Parent Video Support During Sessions
To help our swimmers get the maximum benefit from each session, we encourage at least one parent to be present and available to assist with video recording.
During the session, parents can use one of our iPads to capture short video clips of their swimmer. No special knowledge or experience is required—we will show you exactly what to record. Parent support re. video allows your swimmer's coach to focus on coaching rather than taking videos!
At the conclusion of the session, all videos will be uploaded to your swimmer's personal Dropbox folder. Each session will be organized into a dated subfolder, making it easy to locate and review videos from previous sessions.
The videos are much more than a record of the session—they are an important learning tool.
One of the goals of the Platinum Performance Lab is to help swimmers become active participants in their own development. By reviewing their videos between sessions, swimmers can:
- Better understand the technical points discussed during the session.
- Observe their own strengths and weaknesses.
- Track improvements over time.
- Develop meaningful practice goals.
- Learn to analyze their own swimming, an essential skill for long-term success.
Many swimmers discover things in their videos that they did not feel while they were swimming.
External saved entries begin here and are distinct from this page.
lemma book_drawing_blowup:
  assumes "book_drawing k m s pos pg" "0 < s"
  shows "book_drawing k m n (blowup_pos n s pos) (\<lambda>i j. pg i (j mod s))"
  unfolding book_drawing_def
proof
  have inj: "inj_on pos (kb_vertices m s)" and pages: "\<forall>i<m. \<forall>j<s. pg i j < k"
    using assms(1) by (simp_all add: book_drawing_def)
  show "inj_on (blowup_pos n s pos) (kb_vertices m n)"
  proof (rule inj_onI)
    fix v w assume v: "v \<in> kb_vertices m n" and w: "w \<in> kb_vertices m n"
      and eq: "blowup_pos n s pos v = blowup_pos n s pos w"
    have "pos (map_sum id (\<lambda>j. j mod s) v) = pos (map_sum id (\<lambda>j. j mod s) w)"
      using blowup_pos_div_mod(1)[OF v] blowup_pos_div_mod(1)[OF w] eq by metis
    then have "map_sum id (\<lambda>j. j mod s) v = map_sum id (\<lambda>j. j mod s) w"
      using inj_onD[OF inj] collapse_kb_vertices[OF assms(2)] v w by blast
    moreover have "case_sum (\<lambda>_. 0) Suc v = case_sum (\<lambda>_. 0) Suc w"
      using blowup_pos_div_mod(2)[OF v] blowup_pos_div_mod(2)[OF w] eq by metis
    ultimately show "v = w"
      by (cases v; cases w) auto
  qed
  show "\<forall>i<m. \<forall>j<n. pg i (j mod s) < k"
    using pages assms(2) by simp
qed

lemma blowup_crossing_copies:
  assumes emb: "book_embedding k m s pos pg" and "0 < s"
    and cross: "((i1, j1), (i2, j2)) \<in> crossing_pairs m n (blowup_pos n s pos) (\<lambda>i j. pg i (j mod s))"
  shows "i1 \<noteq> i2" "j1 \<noteq> j2" "j1 mod s = j2 mod s"
proof -
  let ?P = "blowup_pos n s pos"
  have idx: "i1 < m" "j1 < n" "i2 < m" "j2 < n" and same_page: "pg i1 (j1 mod s) = pg i2 (j2 mod s)"
    and new: "interleave (?P (Inl i1)) (?P (Inr j1)) (?P (Inl i2)) (?P (Inr j2))"
    using cross by (simp_all add: mem_crossing_pairs)
  show "i1 \<noteq> i2" "j1 \<noteq> j2"
    using interleave_distinct[OF new] by auto
  show "j1 mod s = j2 mod s"
  proof (rule ccontr)
    assume residues: "j1 mod s \<noteq> j2 mod s"
    have V: "Inl i1 \<in> kb_vertices m n" "Inr j1 \<in> kb_vertices m n"
      "Inl i2 \<in> kb_vertices m n" "Inr j2 \<in> kb_vertices m n"
      using idx by (auto simp: kb_vertices_def)
    have "inj_on pos (kb_vertices m s)"
      using emb by (simp add: book_embedding_def book_drawing_def)
    then have "distinct [pos (Inl i1), pos (Inr (j1 mod s)), pos (Inl i2), pos (Inr (j2 mod s))]"
      using residues idx \<open>i1 \<noteq> i2\<close> \<open>0 < s\<close> by (auto simp: inj_on_eq_iff kb_vertices_def)
    txt \<open>Dividing by \<open>Suc n\<close> collapses the blocks and maps the crossing to one of the embedding.\<close>
    then have "interleave (pos (Inl i1)) (pos (Inr (j1 mod s))) (pos (Inl i2)) (pos (Inr (j2 mod s)))"
      using interleave_mono[OF _ new, of "\<lambda>x. x div Suc n"] blowup_pos_div_mod(1)[OF V(1)]
        blowup_pos_div_mod(1)[OF V(2)] blowup_pos_div_mod(1)[OF V(3)] blowup_pos_div_mod(1)[OF V(4)]
      by (simp add: mono_def div_le_mono)
    then have "((i1, j1 mod s), (i2, j2 mod s)) \<in> crossing_pairs m s pos pg"
      using idx same_page \<open>0 < s\<close> by (simp add: mem_crossing_pairs)
    then show False
      using crossing_pairs_empty[OF emb] by simp
  qed
qed

definition same_residue_pairs :: "nat \<Rightarrow> nat \<Rightarrow> (nat \<times> nat) set" where
  "same_residue_pairs s n = {(a, b). a < b \<and> b < n \<and> a mod s = b mod s}"

lemma card_same_residue_below:
  fixes s b :: nat
  assumes "0 < s"
  shows "card {a. a < b \<and> a mod s = b mod s} = b div s"
proof -
  have "{a. a < b \<and> a mod s = b mod s} = (\<lambda>t. b mod s + s * t) ` {..<b div s}"
  proof (intro set_eqI iffI)
    fix a assume "a \<in> {a. a < b \<and> a mod s = b mod s}"
    then have "a < b" and a_eq: "a = b mod s + s * (a div s)"
      by (auto, metis mod_mult_div_eq add.commute)
    then have "s * (a div s) < s * (b div s)"
      by (metis add_less_cancel_left mod_mult_div_eq add.commute)
    then show "a \<in> (\<lambda>t. b mod s + s * t) ` {..<b div s}"
      using a_eq by auto
  next
    fix a assume "a \<in> (\<lambda>t. b mod s + s * t) ` {..<b div s}"
    then obtain t where "t < b div s" and a: "a = b mod s + s * t"
      by auto
    then have "s * t < s * (b div s)"
      using assms by simp
    then have "a < b"
      unfolding a by (metis add_less_cancel_left mod_mult_div_eq add.commute)
    then show "a \<in> {a. a < b \<and> a mod s = b mod s}"
      unfolding a by simp
  qed
  moreover have "inj_on (\<lambda>t. b mod s + s * t) {..<b div s}"
    using assms by (auto simp: inj_on_def)
  ultimately show ?thesis
    by (simp add: card_image)
qed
This visual feedback often creates "aha" moments that can accelerate learning and help technical improvements become permanent.
The most successful swimmers are often those who spend time studying their videos, thinking about what they see, and arriving at their next session with questions and observations of their own.
Our goal is not simply to coach swimmers during a 90-minute session. Our goal is to provide tools that help them continue learning long after the session has ended, and video review is one of the most powerful tools available for that purpose.
At Platinum Performance Lab, we believe that understanding creates improvement. The more a swimmer understands what they are doing in the water, the faster meaningful progress occurs. Fitness may determine how fast a swimmer can go, but understanding determines how effectively they use that fitness when it matters most.